What to work on: Where a line below includes the word "nearest", copy that line.

Stored items:
* * * * * * *

lemma upper_approx_attach:
  assumes UB: "ultrametric B e" and b': "b' \<in> B" and \<phi>: "\<phi> ` A \<subseteq> B"
    and q: "q \<in> A" and nearest: "\<And>z. z \<in> A \<Longrightarrow> e b' (\<phi> q) \<le> e b' (\<phi> z)"
    and c: "e b' (\<phi> q) < c" "c \<le> e b' (\<phi> q) + \<delta>"
    and p: "p \<notin> A" and approx: "upper_approx \<phi> A d e \<delta>" and "\<delta> > 0"
  shows "upper_approx (\<phi>(p := b')) (insert p A) (ultra_attach d q c p) e \<delta>"
proof -
  interpret B: Metric_space B e by (rule ultrametric_imp_Metric_space[OF UB])
  let ?\<psi> = "\<phi>(p := b')" and ?d = "ultra_attach d q c p"
  have new: "e b' (\<phi> z) \<le> ?d p z \<and> ?d p z \<le> e b' (\<phi> z) + \<delta>" if "z \<in> A" for z
  proof -
    have "e (\<phi> q) (\<phi> z) \<le> d q z \<and> d q z \<le> e (\<phi> q) (\<phi> z) + \<delta>"
      using approx q that unfolding upper_approx_def by blast
    moreover have "z \<noteq> p" using that p by auto
    ultimately show ?thesis
      using ultrametric_attach_distortion[OF UB _ b' _ nearest[OF that] _ _ c] \<phi> q that by auto
  qed
  have "e (?\<psi> x) (?\<psi> y) \<le> ?d x y \<and> ?d x y \<le> e (?\<psi> x) (?\<psi> y) + \<delta>"
    if xy: "x \<in> insert p A" "y \<in> insert p A" for x y
  proof -
    consider "x = p" "y = p" | "x = p" "y \<in> A" | "x \<in> A" "y = p" | "x \<in> A" "y \<in> A"
      using xy by blast
    then show ?thesis
    proof cases
      case 1
      then show ?thesis using B.zero[OF b' b'] \<open>\<delta> > 0\<close> by simp
    next
      case 2
      moreover have "y \<noteq> p" using 2 p by blast
      ultimately show ?thesis using new[of y] by simp
    next
      case 3
      moreover have "x \<noteq> p" using 3 p by blast
      ultimately show ?thesis using new[of x] B.commute[of b' "\<phi> x"] by simp
    next
      case 4
      moreover have "x \<noteq> p" "y \<noteq> p" using 4 p by blast+
      ultimately show ?thesis using approx unfolding upper_approx_def by simp
    qed
  qed
  then show ?thesis unfolding upper_approx_def by blast
qed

* * * * * * *

Task answer:
    and q: "q \<in> A" and nearest: "\<And>z. z \<in> A \<Longrightarrow> e b' (\<phi> q) \<le> e b' (\<phi> z)"
      using ultrametric_attach_distortion[OF UB _ b' _ nearest[OF that] _ _ c] \<phi> q that by auto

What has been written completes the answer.